By Alexandra Wexler in Johannesburg, Rhiannon Hoyle in Adelaide, Australia and Benoit Faucon in London
Mali's Russia-allied military government has found a new tactic to wrest more revenue from Western mining companies: detain their employees.
Australian company Resolute Mining, which owns a gold mine in Mali, this week agreed to pay the Malian government a total of $160 million, just over a week after authorities in the West African nation detained the company's chief executive and two other employees.
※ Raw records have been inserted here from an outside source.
section \<open>Surjections, set partitions and compositions\<close>

definition fibre :: "nat \<Rightarrow> (nat \<Rightarrow> nat) \<Rightarrow> nat \<Rightarrow> nat set" where
  "fibre r f t = {j \<in> {..<r}. f j = t}"

definition surjections :: "nat \<Rightarrow> nat \<Rightarrow> (nat \<Rightarrow> nat) set" where
  "surjections r m = {f \<in> {..<r} \<rightarrow>\<^sub>E {..<m}. \<forall>t<m. fibre r f t \<noteq> {}}"

lemma finite_surjections: "finite (surjections r m)"
proof (rule finite_subset)
  show "surjections r m \<subseteq> {..<r} \<rightarrow>\<^sub>E {..<m}" by (auto simp: surjections_def)
qed (simp add: finite_PiE)

lemma inj_on_fibre:
  assumes "f \<in> surjections r m"
  shows "inj_on (fibre r f) {..<m}"
proof (rule inj_onI)
  fix t t' assume t: "t \<in> {..<m}" and eq: "fibre r f t = fibre r f t'"
  obtain j where "j \<in> fibre r f t" using assms t unfolding surjections_def by blast
  then show "t = t'" using eq by (auto simp: fibre_def)
qed

lemma partition_on_fibres:
  assumes "f \<in> surjections r m"
  shows "partition_on {..<r} (fibre r f ` {..<m})"
proof (rule partition_onI)
  show "\<Union>(fibre r f ` {..<m}) = {..<r}"
    using assms by (auto simp: surjections_def fibre_def PiE_iff)
  show "{} \<notin> fibre r f ` {..<m}"
    using assms by (auto simp: surjections_def)
  show "disjnt B B'" if "B \<in> fibre r f ` {..<m}" "B' \<in> fibre r f ` {..<m}" "B \<noteq> B'" for B B'
    using that by (auto simp: fibre_def disjnt_def)
qed

lemma card_fibres: "f \<in> surjections r m \<Longrightarrow> card (fibre r f ` {..<m}) = m"
  using card_image[OF inj_on_fibre] by simp

lemma eq_if_fibres_eq:
  assumes "f \<in> {..<r} \<rightarrow>\<^sub>E {..<m}" "g \<in> {..<r} \<rightarrow>\<^sub>E {..<m}" "\<forall>t<m. fibre r f t = fibre r g t"
  shows "f = g"
proof
  fix j
  show "f j = g j"
  proof (cases "j < r")
    case True
    then have "j \<in> fibre r f (f j)" "f j < m" using assms(1) by (auto simp: fibre_def)
    then have "j \<in> fibre r g (f j)" using assms(3) by simp
    then show ?thesis by (simp add: fibre_def)
  qed (use assms in \<open>auto simp: PiE_iff extensional_def\<close>)
qed

lemma index_eq_if_mem_nth_permutations_of_set:
  assumes P: "partition_on A P" and xs: "xs \<in> permutations_of_set P"
    and "t < length xs" "t' < length xs" "j \<in> xs ! t" "j \<in> xs ! t'"
  shows "t = t'"
proof (rule ccontr)
  assume "t \<noteq> t'"
  then have "xs ! t \<noteq> xs ! t'"
    using assms(3,4) nth_eq_iff_index_eq xs by (auto simp: permutations_of_set_def)
  moreover have "xs ! t \<in> P" "xs ! t' \<in> P"
    using assms(3,4) xs by (auto simp: permutations_of_set_def)
  ultimately have "xs ! t \<inter> xs ! t' = {}"
    using P unfolding partition_on_def disjoint_def by blast
  then show False using assms(5,6) by blast
qed

lemma ex_surjection_with_fibres:
  assumes P: "partition_on {..<r} P" and xs: "xs \<in> permutations_of_set P"
  shows "\<exists>f \<in> surjections r (length xs). map (fibre r f) [0..<length xs] = xs"
proof -
  let ?m = "length xs"
  have set_xs: "set xs = P" using xs by (simp add: permutations_of_set_def)
  have block: "xs ! t \<in> P" if "t < ?m" for t using that set_xs by auto
  note uniq = index_eq_if_mem_nth_permutations_of_set[OF P xs]
  have ex: "\<exists>t<?m. j \<in> xs ! t" if "j < r" for j
  proof -
    have "j \<in> \<Union>P" using that P by (simp add: partition_on_def)
    then obtain B where "B \<in> set xs" "j \<in> B" using set_xs by blast
    then show ?thesis by (auto simp: in_set_conv_nth)
  qed
  define f where "f j = (if j < r then (THE t. t < ?m \<and> j \<in> xs ! t) else undefined)" for j
  have f: "f j < ?m \<and> j \<in> xs ! f j" if j: "j < r" for j
  proof -
    obtain t where t: "t < ?m" "j \<in> xs ! t" using ex[OF j] by blast
    then have "(THE t. t < ?m \<and> j \<in> xs ! t) = t"
      by (intro the_equality) (use uniq in blast)+
    then show ?thesis using t j by (simp add: f_def)
  qed
  have fibre_f: "fibre r f t = xs ! t" if "t < ?m" for t
  proof
    show "fibre r f t \<subseteq> xs ! t" using f by (auto simp: fibre_def)
    have "xs ! t \<subseteq> {..<r}" using block[OF that] P by (auto simp: partition_on_def)
    then show "xs ! t \<subseteq> fibre r f t"
      using f uniq[OF _ that] by (auto simp: fibre_def)
  qed
  have "f \<in> {..<r} \<rightarrow>\<^sub>E {..<?m}" using f by (auto simp: PiE_iff extensional_def f_def)
  moreover have "xs ! t \<noteq> {}" if "t < ?m" for t using block[OF that] P by (auto simp: partition_on_def)
  ultimately have "f \<in> surjections r ?m" using fibre_f by (simp add: surjections_def)
  moreover have "map (fibre r f) [0..<?m] = xs" by (rule nth_equalityI) (simp_all add: fibre_f)
  ultimately show ?thesis by blast
qed

lemma card_surjections_with_fibres:
  assumes P: "partition_on {..<r} P" and card: "card P = m"
  shows "card {f \<in> surjections r m. fibre r f ` {..<m} = P} = fact m"
proof -
  let ?h = "\<lambda>f. map (fibre r f) [0..<m]"
  have "bij_betw ?h {f \<in> surjections r m. fibre r f ` {..<m} = P} (permutations_of_set P)"
  proof (rule bij_betw_imageI)
    show "inj_on ?h {f \<in> surjections r m. fibre r f ` {..<m} = P}"
    proof (rule inj_onI)
      fix f g assume f: "f \<in> {f \<in> surjections r m. fibre r f ` {..<m} = P}"
        and g: "g \<in> {f \<in> surjections r m. fibre r f ` {..<m} = P}" and "?h f = ?h g"
      then have "\<forall>t<m. fibre r f t = fibre r g t"
        by (metis (no_types, lifting) diff_zero length_upt nth_map nth_upt add_0)
      then show "f = g"
        using f g eq_if_fibres_eq by (auto simp: surjections_def)
    qed
    have "?h f \<in> permutations_of_set P" if "f \<in> surjections r m" "fibre r f ` {..<m} = P" for f
      using that inj_on_fibre[OF that(1)]
      by (simp add: permutations_of_set_def distinct_map atLeast_upt)
    moreover have "xs \<in> ?h ` {f \<in> surjections r m. fibre r f ` {..<m} = P}"
      if xs: "xs \<in> permutations_of_set P" for xs
    proof -
      have "length xs = m"
        using xs card distinct_card[of xs] by (auto simp: permutations_of_set_def)
      then obtain f where "f \<in> surjections r m" "?h f = xs"
        using ex_surjection_with_fibres[OF P xs] by blast
      moreover have "fibre r f ` {..<m} = P"
        using xs arg_cong[OF calculation(2), of set] by (simp add: permutations_of_set_def atLeast_upt)
      ultimately show ?thesis by blast
    qed
    ultimately show "?h ` {f \<in> surjections r m. fibre r f ` {..<m} = P} = permutations_of_set P"
      by blast
  qed
  then have "card {f \<in> surjections r m. fibre r f ` {..<m} = P} = card (permutations_of_set P)"
    by (rule bij_betw_same_card)
  then show ?thesis using card finite_elements[OF finite_lessThan P] by simp
qed

lemma sum_partitions_eq_sum_surjections:
  fixes g :: "nat set \<Rightarrow> 'a :: comm_semiring_1"
  shows "of_nat (fact m) * (\<Sum>P | partition_on {..<r} P \<and> card P = m. \<Prod>B\<in>P. g B) =
    (\<Sum>f\<in>surjections r m. \<Prod>t<m. g (fibre r f t))"
proof -
  let ?T = "{P. partition_on {..<r} P \<and> card P = m}"
  have "(\<Sum>f\<in>surjections r m. \<Prod>t<m. g (fibre r f t)) =
      (\<Sum>f\<in>surjections r m. \<Prod>B\<in>fibre r f ` {..<m}. g B)"
    by (intro sum.cong refl) (simp add: prod.reindex[OF inj_on_fibre])
  also have "\<dots> = (\<Sum>P\<in>?T. \<Sum>f\<in>{f \<in> surjections r m. fibre r f ` {..<m} = P}. \<Prod>B\<in>P. g B)"
  proof -
    have "finite ?T"
      using finitely_many_partition_on[of "{..<r}"] by (auto intro: finite_subset)
    moreover have "(\<lambda>f. fibre r f ` {..<m}) ` surjections r m \<subseteq> ?T"
      using partition_on_fibres card_fibres by blast
    ultimately show ?thesis
      by (subst sum.group[symmetric, OF finite_surjections]) auto
  qed
  also have "\<dots> = (\<Sum>P\<in>?T. of_nat (fact m) * (\<Prod>B\<in>P. g B))"
    by (intro sum.cong refl) (simp add: card_surjections_with_fibres)
  finally show ?thesis by (simp add: sum_distrib_left)
qed

definition compositions :: "(nat \<Rightarrow> nat) \<Rightarrow> nat \<Rightarrow> (nat \<Rightarrow> nat \<Rightarrow> nat) set" where
  "compositions i m = {js \<in> {..<m} \<rightarrow>\<^sub>E {j. j \<le> i}.
     (\<forall>t<m. js t \<noteq> (\<lambda>_. 0)) \<and> (\<forall>k. (\<Sum>t<m. js t k) = i k)}"

lemma finite_funs_le:
  fixes i :: "'a \<Rightarrow> nat"
  assumes "finite {k. i k \<noteq> 0}"
  shows "finite {j. j \<le> i}"
proof -
  let ?D = "{k. i k \<noteq> 0}"
  have "{j. j \<le> i} \<subseteq> (\<lambda>g k. if k \<in> ?D then g k else 0) ` (PiE ?D (\<lambda>k. {..i k}))"
  proof
    fix j :: "'a \<Rightarrow> nat" assume "j \<in> {j. j \<le> i}"
    then have le: "j k \<le> i k" for k by (simp add: le_fun_def)
    have "j = (\<lambda>k. if k \<in> ?D then restrict j ?D k else 0)"
    proof
      fix k show "j k = (if k \<in> ?D then restrict j ?D k else 0)" using le[of k] by auto
    qed
    moreover have "restrict j ?D \<in> PiE ?D (\<lambda>k. {..i k})"
      using le by simp
    ultimately show "j \<in> (\<lambda>g k. if k \<in> ?D then g k else 0) ` (PiE ?D (\<lambda>k. {..i k}))"
      by blast
  qed
  then show ?thesis
    by (rule finite_subset) (intro finite_imageI finite_PiE assms; simp)
qed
Resolute didn't specify the purpose of the payments, but said they would settle any outstanding claims related to "tax, customs levies, maintenance and management of offshore accounts."
The company's CEO, Terry Holohan, had traveled to the capital Bamako earlier this month for meetings with Malian mining and tax authorities to make progress on what the company said were "open claims made against Resolute." Following those meetings on Nov. 8, Holohan and the two other employees, whom the company didn't name, were detained and held at the Economic and Financial Centre of Bamako, an anticorruption agency, Resolute said at the time.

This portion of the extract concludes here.